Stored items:
BEGIN
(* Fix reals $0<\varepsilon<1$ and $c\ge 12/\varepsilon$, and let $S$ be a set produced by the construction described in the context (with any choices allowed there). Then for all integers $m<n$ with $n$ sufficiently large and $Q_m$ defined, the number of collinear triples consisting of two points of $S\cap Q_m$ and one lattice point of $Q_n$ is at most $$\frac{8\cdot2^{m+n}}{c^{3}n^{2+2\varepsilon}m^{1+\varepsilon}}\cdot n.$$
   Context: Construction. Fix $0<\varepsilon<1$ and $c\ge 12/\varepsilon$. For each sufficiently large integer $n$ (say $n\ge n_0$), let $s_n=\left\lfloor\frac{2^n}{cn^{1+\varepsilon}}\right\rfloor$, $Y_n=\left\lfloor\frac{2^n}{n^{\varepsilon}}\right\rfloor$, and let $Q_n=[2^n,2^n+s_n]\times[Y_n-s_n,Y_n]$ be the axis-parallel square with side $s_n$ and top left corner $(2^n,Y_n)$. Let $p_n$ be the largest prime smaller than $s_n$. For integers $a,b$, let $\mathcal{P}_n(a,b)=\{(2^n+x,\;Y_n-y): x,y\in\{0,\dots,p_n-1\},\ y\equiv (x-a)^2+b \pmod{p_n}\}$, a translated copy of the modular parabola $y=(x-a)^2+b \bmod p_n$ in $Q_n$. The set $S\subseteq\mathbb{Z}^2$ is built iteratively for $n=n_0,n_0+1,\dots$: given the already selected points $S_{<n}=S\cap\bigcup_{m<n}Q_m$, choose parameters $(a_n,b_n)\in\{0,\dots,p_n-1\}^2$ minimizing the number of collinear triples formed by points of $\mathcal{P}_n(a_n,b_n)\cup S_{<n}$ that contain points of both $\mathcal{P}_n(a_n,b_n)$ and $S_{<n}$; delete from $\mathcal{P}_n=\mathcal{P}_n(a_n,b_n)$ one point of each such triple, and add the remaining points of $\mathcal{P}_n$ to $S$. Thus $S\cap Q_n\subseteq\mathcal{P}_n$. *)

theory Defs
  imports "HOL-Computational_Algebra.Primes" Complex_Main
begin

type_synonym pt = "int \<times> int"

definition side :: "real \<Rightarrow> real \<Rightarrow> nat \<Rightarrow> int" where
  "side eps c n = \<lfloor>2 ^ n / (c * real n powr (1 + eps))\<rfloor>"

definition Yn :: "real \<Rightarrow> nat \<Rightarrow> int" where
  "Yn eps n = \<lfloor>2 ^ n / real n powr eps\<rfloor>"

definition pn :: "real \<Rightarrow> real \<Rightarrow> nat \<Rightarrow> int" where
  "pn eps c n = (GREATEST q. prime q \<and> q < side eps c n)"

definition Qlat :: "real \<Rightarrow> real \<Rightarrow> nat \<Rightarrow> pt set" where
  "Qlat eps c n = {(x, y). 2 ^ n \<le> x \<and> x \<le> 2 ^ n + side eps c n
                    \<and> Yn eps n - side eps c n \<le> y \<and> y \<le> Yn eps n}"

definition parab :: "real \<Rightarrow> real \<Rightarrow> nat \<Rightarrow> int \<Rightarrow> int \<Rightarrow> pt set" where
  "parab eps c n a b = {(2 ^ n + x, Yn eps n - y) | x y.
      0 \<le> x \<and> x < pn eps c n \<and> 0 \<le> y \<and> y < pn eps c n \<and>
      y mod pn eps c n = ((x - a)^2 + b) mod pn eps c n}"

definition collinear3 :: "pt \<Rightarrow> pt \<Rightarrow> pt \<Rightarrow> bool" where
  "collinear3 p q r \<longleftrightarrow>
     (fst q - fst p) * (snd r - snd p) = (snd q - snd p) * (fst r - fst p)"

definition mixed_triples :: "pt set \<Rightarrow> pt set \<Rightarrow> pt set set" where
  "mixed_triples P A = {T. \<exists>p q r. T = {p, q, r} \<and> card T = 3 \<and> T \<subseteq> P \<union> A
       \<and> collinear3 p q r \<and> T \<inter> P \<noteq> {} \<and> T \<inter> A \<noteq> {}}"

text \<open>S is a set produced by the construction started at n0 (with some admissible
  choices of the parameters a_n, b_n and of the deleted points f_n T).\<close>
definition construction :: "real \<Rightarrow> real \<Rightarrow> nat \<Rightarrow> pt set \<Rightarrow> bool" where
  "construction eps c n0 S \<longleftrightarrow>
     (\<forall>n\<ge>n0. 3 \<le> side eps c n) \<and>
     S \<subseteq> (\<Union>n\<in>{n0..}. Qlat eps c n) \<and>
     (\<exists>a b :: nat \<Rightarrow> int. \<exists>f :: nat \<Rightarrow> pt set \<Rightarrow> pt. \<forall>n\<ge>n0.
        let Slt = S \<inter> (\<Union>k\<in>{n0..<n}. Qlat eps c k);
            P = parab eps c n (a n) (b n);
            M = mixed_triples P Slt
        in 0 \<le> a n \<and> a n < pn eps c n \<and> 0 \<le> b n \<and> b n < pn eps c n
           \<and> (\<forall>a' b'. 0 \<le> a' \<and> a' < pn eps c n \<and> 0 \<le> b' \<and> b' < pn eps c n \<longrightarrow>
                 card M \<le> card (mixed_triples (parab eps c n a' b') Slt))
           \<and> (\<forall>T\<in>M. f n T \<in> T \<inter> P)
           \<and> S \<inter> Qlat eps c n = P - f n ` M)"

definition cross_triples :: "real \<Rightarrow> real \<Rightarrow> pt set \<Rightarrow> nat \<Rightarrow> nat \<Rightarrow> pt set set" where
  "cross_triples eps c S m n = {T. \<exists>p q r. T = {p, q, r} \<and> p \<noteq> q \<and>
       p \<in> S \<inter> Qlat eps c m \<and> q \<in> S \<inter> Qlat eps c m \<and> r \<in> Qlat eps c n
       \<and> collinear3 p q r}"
END
BEGIN
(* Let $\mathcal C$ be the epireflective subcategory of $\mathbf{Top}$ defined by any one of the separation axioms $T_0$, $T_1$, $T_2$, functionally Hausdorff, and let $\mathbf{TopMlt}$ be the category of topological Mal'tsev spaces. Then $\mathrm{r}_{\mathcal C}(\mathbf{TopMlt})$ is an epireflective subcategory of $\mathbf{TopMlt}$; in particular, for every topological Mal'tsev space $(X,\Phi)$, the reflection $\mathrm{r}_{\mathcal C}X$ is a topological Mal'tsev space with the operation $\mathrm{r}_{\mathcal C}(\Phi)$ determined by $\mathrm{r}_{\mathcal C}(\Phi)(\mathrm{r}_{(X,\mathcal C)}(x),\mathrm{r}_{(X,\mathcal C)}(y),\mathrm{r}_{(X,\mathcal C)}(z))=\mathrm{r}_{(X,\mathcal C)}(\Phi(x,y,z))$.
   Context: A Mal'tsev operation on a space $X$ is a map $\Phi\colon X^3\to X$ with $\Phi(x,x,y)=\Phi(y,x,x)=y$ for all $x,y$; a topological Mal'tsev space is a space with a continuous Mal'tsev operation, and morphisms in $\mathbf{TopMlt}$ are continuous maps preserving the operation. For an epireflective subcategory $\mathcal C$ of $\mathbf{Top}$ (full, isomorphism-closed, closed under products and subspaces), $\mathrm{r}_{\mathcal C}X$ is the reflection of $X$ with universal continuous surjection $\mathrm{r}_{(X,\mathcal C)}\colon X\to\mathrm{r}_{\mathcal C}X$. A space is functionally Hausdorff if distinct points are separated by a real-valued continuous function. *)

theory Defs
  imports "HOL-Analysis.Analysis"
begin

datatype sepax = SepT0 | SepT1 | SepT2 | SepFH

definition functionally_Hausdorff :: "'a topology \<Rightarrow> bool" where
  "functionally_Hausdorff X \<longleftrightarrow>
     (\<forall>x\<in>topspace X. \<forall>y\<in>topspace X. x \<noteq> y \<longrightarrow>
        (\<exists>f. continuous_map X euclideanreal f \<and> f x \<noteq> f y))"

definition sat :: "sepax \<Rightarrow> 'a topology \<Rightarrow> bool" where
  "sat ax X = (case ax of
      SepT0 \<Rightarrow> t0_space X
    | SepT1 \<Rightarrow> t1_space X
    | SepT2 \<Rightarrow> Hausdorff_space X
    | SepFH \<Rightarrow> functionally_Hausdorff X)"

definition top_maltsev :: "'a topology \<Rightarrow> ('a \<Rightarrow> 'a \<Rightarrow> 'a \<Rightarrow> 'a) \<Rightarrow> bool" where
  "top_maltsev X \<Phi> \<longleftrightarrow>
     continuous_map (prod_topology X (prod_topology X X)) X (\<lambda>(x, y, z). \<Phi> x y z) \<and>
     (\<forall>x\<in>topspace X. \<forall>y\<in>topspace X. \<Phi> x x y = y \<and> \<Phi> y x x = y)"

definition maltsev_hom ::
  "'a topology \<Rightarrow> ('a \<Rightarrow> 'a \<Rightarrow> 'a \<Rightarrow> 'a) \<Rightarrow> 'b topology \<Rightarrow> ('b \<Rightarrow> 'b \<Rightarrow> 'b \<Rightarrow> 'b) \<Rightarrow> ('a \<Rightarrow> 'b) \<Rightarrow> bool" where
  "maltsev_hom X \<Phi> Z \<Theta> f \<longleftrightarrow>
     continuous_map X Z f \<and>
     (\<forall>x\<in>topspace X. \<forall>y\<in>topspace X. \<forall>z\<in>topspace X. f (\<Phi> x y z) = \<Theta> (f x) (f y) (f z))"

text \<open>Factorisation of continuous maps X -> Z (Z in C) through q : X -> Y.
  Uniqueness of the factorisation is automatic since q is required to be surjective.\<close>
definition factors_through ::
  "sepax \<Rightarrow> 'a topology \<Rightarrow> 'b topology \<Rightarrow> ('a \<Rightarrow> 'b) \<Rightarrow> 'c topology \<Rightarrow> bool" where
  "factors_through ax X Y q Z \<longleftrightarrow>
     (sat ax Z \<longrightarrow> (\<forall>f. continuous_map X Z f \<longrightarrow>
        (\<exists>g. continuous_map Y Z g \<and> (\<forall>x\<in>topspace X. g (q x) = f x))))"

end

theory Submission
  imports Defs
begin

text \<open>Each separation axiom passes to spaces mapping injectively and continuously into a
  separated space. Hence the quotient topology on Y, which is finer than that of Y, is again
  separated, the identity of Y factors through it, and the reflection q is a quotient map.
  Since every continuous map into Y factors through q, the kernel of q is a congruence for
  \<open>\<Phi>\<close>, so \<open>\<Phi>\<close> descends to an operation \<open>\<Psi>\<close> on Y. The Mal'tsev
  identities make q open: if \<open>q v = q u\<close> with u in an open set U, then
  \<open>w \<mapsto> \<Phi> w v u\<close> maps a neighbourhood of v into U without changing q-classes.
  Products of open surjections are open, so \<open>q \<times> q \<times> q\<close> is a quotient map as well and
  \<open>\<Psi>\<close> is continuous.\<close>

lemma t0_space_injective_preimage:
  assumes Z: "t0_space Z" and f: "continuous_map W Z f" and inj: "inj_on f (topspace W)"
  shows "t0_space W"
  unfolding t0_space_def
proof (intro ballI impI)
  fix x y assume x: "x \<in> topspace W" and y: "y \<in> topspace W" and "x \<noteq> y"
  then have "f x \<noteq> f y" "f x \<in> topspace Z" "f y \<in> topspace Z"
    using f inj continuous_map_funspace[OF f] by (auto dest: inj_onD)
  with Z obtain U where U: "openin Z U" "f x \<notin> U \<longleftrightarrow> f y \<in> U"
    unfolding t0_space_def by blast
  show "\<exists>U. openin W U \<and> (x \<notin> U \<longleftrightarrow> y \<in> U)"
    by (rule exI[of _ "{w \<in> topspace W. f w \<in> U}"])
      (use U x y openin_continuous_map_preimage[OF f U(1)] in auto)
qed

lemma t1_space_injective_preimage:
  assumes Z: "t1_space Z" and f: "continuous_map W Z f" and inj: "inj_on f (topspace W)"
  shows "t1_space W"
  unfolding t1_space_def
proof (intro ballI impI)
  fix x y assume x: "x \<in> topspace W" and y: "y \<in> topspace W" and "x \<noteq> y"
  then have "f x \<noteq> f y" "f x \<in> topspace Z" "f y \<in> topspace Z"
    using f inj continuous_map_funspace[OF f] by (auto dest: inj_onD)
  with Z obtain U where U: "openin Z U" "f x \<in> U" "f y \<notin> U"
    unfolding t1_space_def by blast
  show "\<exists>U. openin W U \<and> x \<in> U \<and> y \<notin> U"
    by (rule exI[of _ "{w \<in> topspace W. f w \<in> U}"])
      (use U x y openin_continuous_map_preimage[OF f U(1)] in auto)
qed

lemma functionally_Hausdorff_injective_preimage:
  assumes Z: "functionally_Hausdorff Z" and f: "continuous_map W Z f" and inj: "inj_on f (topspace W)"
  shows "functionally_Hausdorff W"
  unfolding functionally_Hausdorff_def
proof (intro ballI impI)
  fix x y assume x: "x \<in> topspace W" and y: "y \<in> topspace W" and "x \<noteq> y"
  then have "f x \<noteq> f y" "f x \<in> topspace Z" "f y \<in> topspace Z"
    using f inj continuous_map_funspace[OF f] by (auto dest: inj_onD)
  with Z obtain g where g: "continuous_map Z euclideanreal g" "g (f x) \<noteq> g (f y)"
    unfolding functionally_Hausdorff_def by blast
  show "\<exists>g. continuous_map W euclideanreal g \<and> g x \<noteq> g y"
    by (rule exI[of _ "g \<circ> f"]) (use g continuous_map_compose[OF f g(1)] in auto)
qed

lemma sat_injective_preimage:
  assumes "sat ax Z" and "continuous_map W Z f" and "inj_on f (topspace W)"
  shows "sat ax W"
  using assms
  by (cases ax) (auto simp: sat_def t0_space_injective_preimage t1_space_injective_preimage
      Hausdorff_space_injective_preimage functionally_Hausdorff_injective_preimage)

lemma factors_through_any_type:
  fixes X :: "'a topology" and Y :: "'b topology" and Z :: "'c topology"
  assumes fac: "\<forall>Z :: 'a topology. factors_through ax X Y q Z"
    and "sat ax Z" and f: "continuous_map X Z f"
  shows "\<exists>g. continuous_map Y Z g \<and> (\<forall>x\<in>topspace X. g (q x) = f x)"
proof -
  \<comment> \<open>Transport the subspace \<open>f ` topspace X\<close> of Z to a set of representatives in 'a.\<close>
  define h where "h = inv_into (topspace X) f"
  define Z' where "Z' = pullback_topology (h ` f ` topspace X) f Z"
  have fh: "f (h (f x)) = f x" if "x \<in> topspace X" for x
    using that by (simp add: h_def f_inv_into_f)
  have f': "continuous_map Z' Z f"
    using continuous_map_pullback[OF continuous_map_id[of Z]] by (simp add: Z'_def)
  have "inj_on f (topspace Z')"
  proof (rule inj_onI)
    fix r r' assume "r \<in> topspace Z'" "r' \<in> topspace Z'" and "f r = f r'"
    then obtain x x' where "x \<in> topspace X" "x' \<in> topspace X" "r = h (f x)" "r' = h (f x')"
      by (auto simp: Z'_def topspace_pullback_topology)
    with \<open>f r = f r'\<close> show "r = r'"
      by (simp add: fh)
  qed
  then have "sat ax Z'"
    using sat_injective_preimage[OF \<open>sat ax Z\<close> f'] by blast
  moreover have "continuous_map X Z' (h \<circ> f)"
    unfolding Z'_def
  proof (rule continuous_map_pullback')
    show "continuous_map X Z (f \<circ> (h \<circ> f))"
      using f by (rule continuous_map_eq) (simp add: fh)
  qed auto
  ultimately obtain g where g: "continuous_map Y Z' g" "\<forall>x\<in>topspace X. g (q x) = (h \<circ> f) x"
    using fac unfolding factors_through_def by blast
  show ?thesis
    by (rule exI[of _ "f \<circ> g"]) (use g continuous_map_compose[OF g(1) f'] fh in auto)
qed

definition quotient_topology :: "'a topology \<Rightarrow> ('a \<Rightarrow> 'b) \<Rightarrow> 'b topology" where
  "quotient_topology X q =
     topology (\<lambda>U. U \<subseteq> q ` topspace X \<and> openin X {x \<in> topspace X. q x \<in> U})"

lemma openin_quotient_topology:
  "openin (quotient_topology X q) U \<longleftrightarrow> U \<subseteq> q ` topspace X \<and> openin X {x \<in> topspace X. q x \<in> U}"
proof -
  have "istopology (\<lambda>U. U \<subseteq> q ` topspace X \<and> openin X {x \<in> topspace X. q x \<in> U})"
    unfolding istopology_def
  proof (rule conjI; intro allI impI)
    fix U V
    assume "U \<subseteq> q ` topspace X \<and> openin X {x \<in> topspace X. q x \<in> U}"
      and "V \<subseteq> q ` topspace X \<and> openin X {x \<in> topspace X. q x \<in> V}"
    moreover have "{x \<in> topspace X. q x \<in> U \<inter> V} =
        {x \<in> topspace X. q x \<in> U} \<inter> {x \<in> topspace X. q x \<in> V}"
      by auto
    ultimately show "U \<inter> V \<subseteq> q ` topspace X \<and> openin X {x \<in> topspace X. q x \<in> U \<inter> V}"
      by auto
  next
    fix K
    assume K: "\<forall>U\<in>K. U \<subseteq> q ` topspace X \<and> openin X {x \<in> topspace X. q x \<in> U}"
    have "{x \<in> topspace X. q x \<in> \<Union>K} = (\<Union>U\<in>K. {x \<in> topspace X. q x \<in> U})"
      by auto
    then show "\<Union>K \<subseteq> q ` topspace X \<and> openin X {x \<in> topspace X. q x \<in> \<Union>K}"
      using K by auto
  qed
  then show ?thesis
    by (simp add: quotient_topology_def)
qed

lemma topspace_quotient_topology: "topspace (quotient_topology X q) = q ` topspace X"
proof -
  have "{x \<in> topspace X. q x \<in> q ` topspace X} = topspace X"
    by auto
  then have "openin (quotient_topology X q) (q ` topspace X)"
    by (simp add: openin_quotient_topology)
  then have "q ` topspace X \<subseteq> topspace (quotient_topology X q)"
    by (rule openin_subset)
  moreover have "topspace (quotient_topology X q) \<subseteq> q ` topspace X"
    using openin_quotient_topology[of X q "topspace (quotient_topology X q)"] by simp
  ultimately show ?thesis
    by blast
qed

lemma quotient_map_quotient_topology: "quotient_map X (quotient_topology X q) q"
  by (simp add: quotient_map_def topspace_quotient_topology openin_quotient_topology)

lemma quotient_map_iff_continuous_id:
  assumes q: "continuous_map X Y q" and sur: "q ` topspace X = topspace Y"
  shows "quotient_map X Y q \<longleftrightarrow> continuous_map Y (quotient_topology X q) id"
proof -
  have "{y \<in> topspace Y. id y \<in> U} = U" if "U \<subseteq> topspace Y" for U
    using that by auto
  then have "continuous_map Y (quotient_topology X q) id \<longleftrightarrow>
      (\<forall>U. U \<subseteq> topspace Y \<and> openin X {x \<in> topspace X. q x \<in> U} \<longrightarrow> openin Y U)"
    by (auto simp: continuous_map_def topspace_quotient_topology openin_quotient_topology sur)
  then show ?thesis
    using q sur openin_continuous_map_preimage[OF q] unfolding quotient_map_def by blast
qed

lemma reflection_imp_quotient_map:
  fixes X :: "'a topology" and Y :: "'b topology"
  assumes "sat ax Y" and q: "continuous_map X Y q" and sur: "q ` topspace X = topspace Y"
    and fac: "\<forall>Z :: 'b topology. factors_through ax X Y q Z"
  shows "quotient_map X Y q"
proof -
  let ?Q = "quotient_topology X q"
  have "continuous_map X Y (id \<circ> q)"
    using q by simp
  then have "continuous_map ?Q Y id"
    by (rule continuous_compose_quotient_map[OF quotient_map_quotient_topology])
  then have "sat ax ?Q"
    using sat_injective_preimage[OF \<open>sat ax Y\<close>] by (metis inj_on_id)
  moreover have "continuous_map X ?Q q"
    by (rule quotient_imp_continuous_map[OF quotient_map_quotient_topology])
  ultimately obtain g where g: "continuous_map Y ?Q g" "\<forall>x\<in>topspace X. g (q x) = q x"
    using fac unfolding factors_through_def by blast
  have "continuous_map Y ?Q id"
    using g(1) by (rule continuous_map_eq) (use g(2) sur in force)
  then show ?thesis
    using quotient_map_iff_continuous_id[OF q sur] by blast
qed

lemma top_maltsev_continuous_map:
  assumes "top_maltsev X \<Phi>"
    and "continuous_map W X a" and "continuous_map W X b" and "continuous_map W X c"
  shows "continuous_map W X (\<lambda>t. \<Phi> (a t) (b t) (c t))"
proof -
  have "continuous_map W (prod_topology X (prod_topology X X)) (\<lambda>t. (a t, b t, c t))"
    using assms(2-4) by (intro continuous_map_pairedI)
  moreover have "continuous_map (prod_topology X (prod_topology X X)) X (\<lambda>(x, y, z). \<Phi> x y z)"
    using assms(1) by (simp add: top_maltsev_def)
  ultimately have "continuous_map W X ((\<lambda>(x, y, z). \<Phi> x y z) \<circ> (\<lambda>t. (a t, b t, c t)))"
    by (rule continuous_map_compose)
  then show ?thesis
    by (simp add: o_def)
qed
END
Exercise: From the entries, report every line in which the string "imports" occurs.

Task output:
  imports "HOL-Computational_Algebra.Primes" Complex_Main
  imports "HOL-Analysis.Analysis"
  imports Defs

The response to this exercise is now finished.